God threw his first two children out of the house (in this case a garden) after their first mistake, and barred their way back with a flaming sword? How many fathers would treat their children that way after their first mistake? And what a way to treat “newborns” who were also “newlyweds.”

Why did God fill the world with his own children, knowing that he would have to destroy them? And why does this same God tell me how to raise my children when he had to drown his?

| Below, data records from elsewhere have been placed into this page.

(* Assume $\bar\Phi_p=0$ and $\Phi_p^\top\Phi_p=\mathrm{diag}(\sigma_1^2,\dots,\sigma_d^2)$ with all $\sigma_j^2>0$. Let $\Lambda=\mathrm{diag}(\lambda_1,\dots,\lambda_d)$ with $\lambda_j\ge0$, let $\hat\beta^\Lambda_{\mathrm{ridge}}:=(\Phi_p^\top\Phi_p+\Lambda)^{-1}\Phi_p^\top Y_p$, let $\delta\ge 0$, and let $\hat w^\delta_{\ell_2}$ be the $\ell_2$ balancing weights, $\tfrac1n\hat w^\delta_{\ell_2}=\bar\Phi_q(\Phi_p^\top\Phi_p+\delta I)^{-1}\Phi_p^\top$. Define $\Gamma=\mathrm{diag}(\gamma_1,\dots,\gamma_d)$ with $$\gamma_j:=\frac{\delta\lambda_j}{\sigma_j^2+\lambda_j+\delta}$$ (with $\gamma_j:=0$ if the denominator is $0$ is impossible here since $\sigma_j^2>0$). Then $0\le\gamma_j\le\lambda_j$ for all $j$ and $$\bar\Phi_q\hat\beta^\Lambda_{\mathrm{ridge}}+\tfrac1n\hat w^\delta_{\ell_2}(Y_p-\Phi_p\hat\beta^\Lambda_{\mathrm{ridge}})=\bar\Phi_q\hat\beta^\Gamma_{\mathrm{ridge}},\qquad \hat\beta^\Gamma_{\mathrm{ridge}}:=(\Phi_p^\top\Phi_p+\Gamma)^{-1}\Phi_p^\top Y_p.$$ Moreover, if $\lambda_j=\lambda$ and $\sigma_j=\sigma$ for all $j$, then all $\gamma_j$ are equal, so $\hat\beta^\Gamma_{\mathrm{ridge}}$ is a standard ridge regression estimator.
   Context: $\Phi_p\in\mathbb{R}^{n\times d}$ (source features), $Y_p\in\mathbb{R}^n$ (outcomes), $\Phi_q\in\mathbb{R}^{n\times d}$ (target features); $\bar\Phi_p,\bar\Phi_q\in\mathbb{R}^{1\times d}$ are column averages. The left-hand side is the augmented ("double ridge") estimator combining a generalized ridge outcome model with $\ell_2$ balancing weights. *)

theory Defs
  imports "HOL-Analysis.Analysis"
begin

text \<open>Matrices with n rows (index type 'n) and d columns (index type 'd):
  a feature matrix is of type real^'d^'n.\<close>

definition col_avg :: "real^'d^'n \<Rightarrow> real^'d" where
  "col_avg Phi = (\<chi> j. (\<Sum>i\<in>UNIV. Phi $ i $ j) / real CARD('n))"

definition diagm :: "real^'d \<Rightarrow> real^'d^'d" where
  "diagm v = (\<chi> i j. if i = j then v $ i else 0)"

definition ridge :: "real^'d^'n \<Rightarrow> real^'n \<Rightarrow> real^'d^'d \<Rightarrow> real^'d" where
  "ridge Phi Y Lam = matrix_inv (transpose Phi ** Phi + Lam) *v (transpose Phi *v Y)"

text \<open>(1/n) times the l2 balancing weights, as a (row) vector of length n:
  bar Phi_q (Phi_p^T Phi_p + delta I)^{-1} Phi_p^T.\<close>
definition l2_weights_scaled :: "real^'d^'n \<Rightarrow> real^'d^'n \<Rightarrow> real \<Rightarrow> real^'n" where
  "l2_weights_scaled Phip Phiq delta =
     col_avg Phiq v* (matrix_inv (transpose Phip ** Phip + delta *\<^sub>R mat 1) ** transpose Phip)"

definition gamma_vec :: "real^'d \<Rightarrow> real^'d \<Rightarrow> real \<Rightarrow> real^'d" where
  "gamma_vec sig lam delta = (\<chi> j. delta * lam $ j / ((sig $ j)\<^sup>2 + lam $ j + delta))"

end

theory Submission
  imports Defs
begin

text \<open>With \<open>\<Phi>\<^sub>p\<^sup>T\<Phi>\<^sub>p\<close> diagonal, every matrix in sight is diagonal, so the identity
  decouples coordinatewise. Writing \<open>s = \<sigma>\<^sub>j\<^sup>2\<close>, \<open>b = (\<Phi>\<^sub>p\<^sup>TY\<^sub>p)\<^sub>j\<close>, the \<open>j\<close>-th coordinate
  of the augmented estimator is
  \<open>b/(s+\<lambda>) + (b - s\<cdot>b/(s+\<lambda>))/(s+\<delta>) = b(s+\<lambda>+\<delta>)/((s+\<lambda>)(s+\<delta>))\<close>,
  and \<open>(s+\<lambda>)(s+\<delta>)/(s+\<lambda>+\<delta>) = s + \<delta>\<lambda>/(s+\<lambda>+\<delta>) = s + \<gamma>\<close>.\<close>

lemma matrix_inv_unique:
  fixes A :: "'a::semiring_1^'n^'m" and B :: "'a^'m^'n"
  assumes "A ** B = mat 1" "B ** A = mat 1"
  shows "matrix_inv A = B"
proof -
  let ?C = "matrix_inv A"
  have "A ** ?C = mat 1 \<and> ?C ** A = mat 1"
    unfolding matrix_inv_def by (rule someI[of _ B]) (use assms in auto)
  then have "?C = (B ** A) ** ?C" "A ** ?C = mat 1"
    using assms(2) by (auto simp: matrix_mul_lid)
  then show ?thesis by (metis matrix_mul_assoc matrix_mul_rid)
qed

lemma diagm_mult_diagm: "diagm u ** diagm v = diagm (\<chi> j. u $ j * v $ j)"
  unfolding diagm_def matrix_matrix_mult_def
  by (simp add: vec_eq_iff if_distrib[of "\<lambda>x. _ * x"] cong: if_cong)

lemma diagm_add: "diagm u + diagm v = diagm (u + v)"
  unfolding diagm_def by (simp add: vec_eq_iff)

lemma scaleR_mat1_eq_diagm: "c *\<^sub>R (mat 1 :: real^'d^'d) = diagm (\<chi> j. c)"
  unfolding diagm_def mat_def by (simp add: vec_eq_iff)

lemma matrix_inv_diagm:
  assumes "\<And>j. u $ j \<noteq> 0"
  shows "matrix_inv (diagm u) = diagm (\<chi> j. 1 / u $ j)"
  by (rule matrix_inv_unique; unfold diagm_mult_diagm)
    (use assms in \<open>simp_all add: diagm_def mat_def vec_eq_iff\<close>)

lemma diagm_mult_vec: "diagm u *v x = (\<chi> j. u $ j * x $ j)"
  unfolding diagm_def matrix_vector_mult_def
  by (simp add: vec_eq_iff if_distrib[of "\<lambda>x. x * _"] cong: if_cong)

lemma ridge_diagonal_gram:
  assumes gram: "transpose Phi ** Phi = diagm s"
    and nz: "\<And>j. s $ j + l $ j \<noteq> 0"
  shows "ridge Phi Y (diagm l) = (\<chi> j. (transpose Phi *v Y) $ j / (s $ j + l $ j))"
  using nz unfolding ridge_def gram diagm_add
  by (simp add: matrix_inv_diagm diagm_mult_vec vec_eq_iff)

lemma l2_weights_scaled_inner_diagonal_gram:
  assumes gram: "transpose Phip ** Phip = diagm s"
    and nz: "\<And>j. s $ j + delta \<noteq> 0"
  shows "l2_weights_scaled Phip Phiq delta \<bullet> r
    = col_avg Phiq \<bullet> (\<chi> j. (transpose Phip *v r) $ j / (s $ j + delta))"
proof -
  have "l2_weights_scaled Phip Phiq delta \<bullet> r
      = col_avg Phiq \<bullet> (matrix_inv (diagm (s + (\<chi> j. delta))) *v (transpose Phip *v r))"
    unfolding l2_weights_scaled_def gram scaleR_mat1_eq_diagm diagm_add dot_lmul_matrix
    by (simp only: matrix_vector_mul_assoc)
  then show ?thesis
    using nz by (simp add: matrix_inv_diagm diagm_mult_vec)
qed

lemma augmented_ridge_coordinate:
  fixes s l d b :: real
  assumes "s + l > 0" "s + d > 0" "s + l + d > 0"
  shows "b / (s + l) + (b - s * (b / (s + l))) / (s + d) = b / (s + d * l / (s + l + d))"
proof -
  have "s + d * l / (s + l + d) = (s + d) * (s + l) / (s + l + d)"
    using assms by (simp add: field_simps)
  moreover have "b - s * (b / (s + l)) = b * l / (s + l)"
    using assms by (simp add: field_simps)
  then have "b / (s + l) + (b - s * (b / (s + l))) / (s + d)
      = b * (s + l + d) / ((s + d) * (s + l))"
    using assms by (simp add: divide_simps) (simp add: algebra_simps)
  ultimately show ?thesis by simp
qed

lemma gamma_vec_bounds:
  assumes "sig $ j \<noteq> 0" "lam $ j \<ge> 0" "delta \<ge> 0"
  shows "0 \<le> gamma_vec sig lam delta $ j \<and> gamma_vec sig lam delta $ j \<le> lam $ j"
proof -
  have pos: "(sig $ j)\<^sup>2 + lam $ j + delta > 0"
    using assms by (simp add: add_pos_nonneg)
  have "delta * lam $ j \<le> lam $ j * ((sig $ j)\<^sup>2 + lam $ j + delta)"
    using assms by (simp add: algebra_simps)
  with pos assms show ?thesis
    by (simp add: gamma_vec_def divide_le_eq)
qed

lemma augmented_ridge_diagonal_gram:
  fixes Phip Phiq :: "real^'d^'n"
  assumes gram: "transpose Phip ** Phip = diagm s"
    and s_pos: "\<And>j. s $ j > 0" and lam_nonneg: "\<And>j. lam $ j \<ge> 0" and "delta \<ge> 0"
  defines "g \<equiv> \<chi> j. delta * lam $ j / (s $ j + lam $ j + delta)"
  shows "col_avg Phiq \<bullet> ridge Phip Y (diagm lam)
      + l2_weights_scaled Phip Phiq delta \<bullet> (Y - Phip *v ridge Phip Y (diagm lam))
    = col_avg Phiq \<bullet> ridge Phip Y (diagm g)"
proof -
  define b where "b = transpose Phip *v Y"
  have pos: "s $ j + lam $ j > 0" "s $ j + delta > 0" "s $ j + lam $ j + delta > 0" for j
    using s_pos[of j] lam_nonneg[of j] \<open>delta \<ge> 0\<close> by linarith+
  have "s $ j + g $ j > 0" for j
    using s_pos[of j] lam_nonneg[of j] \<open>delta \<ge> 0\<close> pos(3)[of j]
    by (simp add: g_def add_pos_nonneg less_imp_le)
  then have ridge_g: "ridge Phip Y (diagm g) = (\<chi> j. b $ j / (s $ j + g $ j))"
    unfolding b_def by (intro ridge_diagonal_gram gram) (metis less_irrefl)
  have ridge_lam: "ridge Phip Y (diagm lam) = (\<chi> j. b $ j / (s $ j + lam $ j))"
    unfolding b_def using pos(1) by (intro ridge_diagonal_gram gram) (metis less_irrefl)
  have residual: "transpose Phip *v (Y - Phip *v x) = b - diagm s *v x" for x
    unfolding b_def by (simp only: matrix_vector_mult_diff_distrib matrix_vector_mul_assoc gram)
  have "b $ j / (s $ j + lam $ j) + (b $ j - s $ j * (b $ j / (s $ j + lam $ j))) / (s $ j + delta)
      = b $ j / (s $ j + g $ j)" for j
    using augmented_ridge_coordinate[OF pos] by (simp add: g_def)
  then have augmented: "ridge Phip Y (diagm lam)
      + (\<chi> j. (b - diagm s *v ridge Phip Y (diagm lam)) $ j / (s $ j + delta))
      = ridge Phip Y (diagm g)"
    unfolding ridge_lam ridge_g by (simp add: vec_eq_iff diagm_mult_vec)
  have weights: "l2_weights_scaled Phip Phiq delta \<bullet> (Y - Phip *v ridge Phip Y (diagm lam))
      = col_avg Phiq \<bullet> (\<chi> j. (b - diagm s *v ridge Phip Y (diagm lam)) $ j / (s $ j + delta))"
    unfolding residual[symmetric]
    by (rule l2_weights_scaled_inner_diagonal_gram[OF gram]) (metis pos(2) less_irrefl)
  show ?thesis
    unfolding weights inner_add_right[symmetric] augmented ..
qed

theorem mainTheorem5:
  fixes Phip Phiq :: "real^'d^'n" and Y :: "real^'n"
    and sig lam :: "real^'d" and delta :: real
  assumes "col_avg Phip = 0"
    and "transpose Phip ** Phip = diagm (\<chi> j. (sig $ j)\<^sup>2)"
    and "\<forall>j. (sig $ j)\<^sup>2 > 0"
    and "\<forall>j. lam $ j \<ge> 0"
    and "delta \<ge> 0"
  shows "(\<forall>j. 0 \<le> gamma_vec sig lam delta $ j \<and> gamma_vec sig lam delta $ j \<le> lam $ j)
    \<and> col_avg Phiq \<bullet> ridge Phip Y (diagm lam)
        + l2_weights_scaled Phip Phiq delta \<bullet> (Y - Phip *v ridge Phip Y (diagm lam))
      = col_avg Phiq \<bullet> ridge Phip Y (diagm (gamma_vec sig lam delta))
    \<and> ((\<forall>i j. lam $ i = lam $ j \<and> sig $ i = sig $ j)
        \<longrightarrow> (\<forall>i j. gamma_vec sig lam delta $ i = gamma_vec sig lam delta $ j))"
proof -
  have bounds: "0 \<le> gamma_vec sig lam delta $ j \<and> gamma_vec sig lam delta $ j \<le> lam $ j" for j
    using assms(3-5) by (intro gamma_vec_bounds) auto
  have "gamma_vec sig lam delta
      = (\<chi> j. delta * lam $ j / ((\<chi> j. (sig $ j)\<^sup>2) $ j + lam $ j + delta))"
    by (simp add: gamma_vec_def)
  with augmented_ridge_diagonal_gram[OF assms(2)] assms(3-5)
  have identity: "col_avg Phiq \<bullet> ridge Phip Y (diagm lam)
        + l2_weights_scaled Phip Phiq delta \<bullet> (Y - Phip *v ridge Phip Y (diagm lam))
      = col_avg Phiq \<bullet> ridge Phip Y (diagm (gamma_vec sig lam delta))"
    by simp
  have "gamma_vec sig lam delta $ i = gamma_vec sig lam delta $ j"
    if "lam $ i = lam $ j" "sig $ i = sig $ j" for i j
    using that by (simp add: gamma_vec_def)
  with bounds identity show ?thesis by blast
qed

end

The best minds will tell you that when a man has begotten a child he is morally bound to tenderly care for it, protect it from hurt, shield it from disease, clothe it, feed it, bear with its waywardness, lay no hand upon it save in kindness and for its own good, and never in any case inflict upon it a wanton cruelty. But God did not forgive the ignorant and thoughtless first pair of juveniles even their first small offense and say, “You may go free this time, I will give you another chance.” On the contrary! He elected to punish their children, all through the ages to the end of time, for a trifling offense committed by others before they were born. He is punishing them yet. In mild ways? No, in atrocious ones.

I believe in Someone Out There--call Him God, since other names, like Festus or Darrin, do not seem to fit--but I am not entirely certain that He is all that mindful of what goes on down here. Example: Recently a tornado destroyed a town in Texas and dropped a church roof on a batch of worshipers. One of the few things left standing were two plaster statues, one of Jesus, the other of Joseph. The townspeople, according to the news, “looked at the statues’ survival as a sign of God’s love.” Hold the phone. This sounds like the he-beats-me-because-he-loves-me line of thought. If the Lord in his infinite wisdom drops a concrete roof on the true believers but spares two hunks of modeling compound, it is time to question the big Fella’s priorities. If I have to be made up of plaster to command attention in this universe, something is amiss.

Vic, where is the philosopher inside you who acknowledges a bit more of the myriad burning questions concerning things that none are certain about, that none have seen?

I challenge you to ponder something C. S. Lewis wrote the year of his death: "The real danger is of coming to believe such dreadful things about Him. [God]. The conclusion I dread is not 'so there's no God after all,' but 'So this is what God is really like. Deceive yourself no longer.'"

Lewis was confronting the pain of his wife's death by cancer and his own coming demise from a long painful bout with cancer as well. So for Lewis the problem of pain had grow accute, such that based on his experiences He even "dreaded" what "God" might really be like. Which reminds me of the story Mother T. used to repeat about a man she met who was suffering from cancer and in great pain, and Mother T. (who didn't believe in using pain-killers) told the man, "Jesus is kissing you," and the man replied, "Then I wish he'd stop." That story appears to echo the story of Lewis's greatest "dread."

Pain is a burning perpetual question and remains so even for religious believers praying earnestly for its removal. Neither did even the so-called bodily sacrifice of God stop the pain of this world which keeps going and going for two thousand years now.

By the way, Charles Williams, Lewis's friend, didn't think much of attempts by theists (or the urge to make such attempts) to justify the pains of this world, as Lewis himself recalled in his introduction to a book on Williams.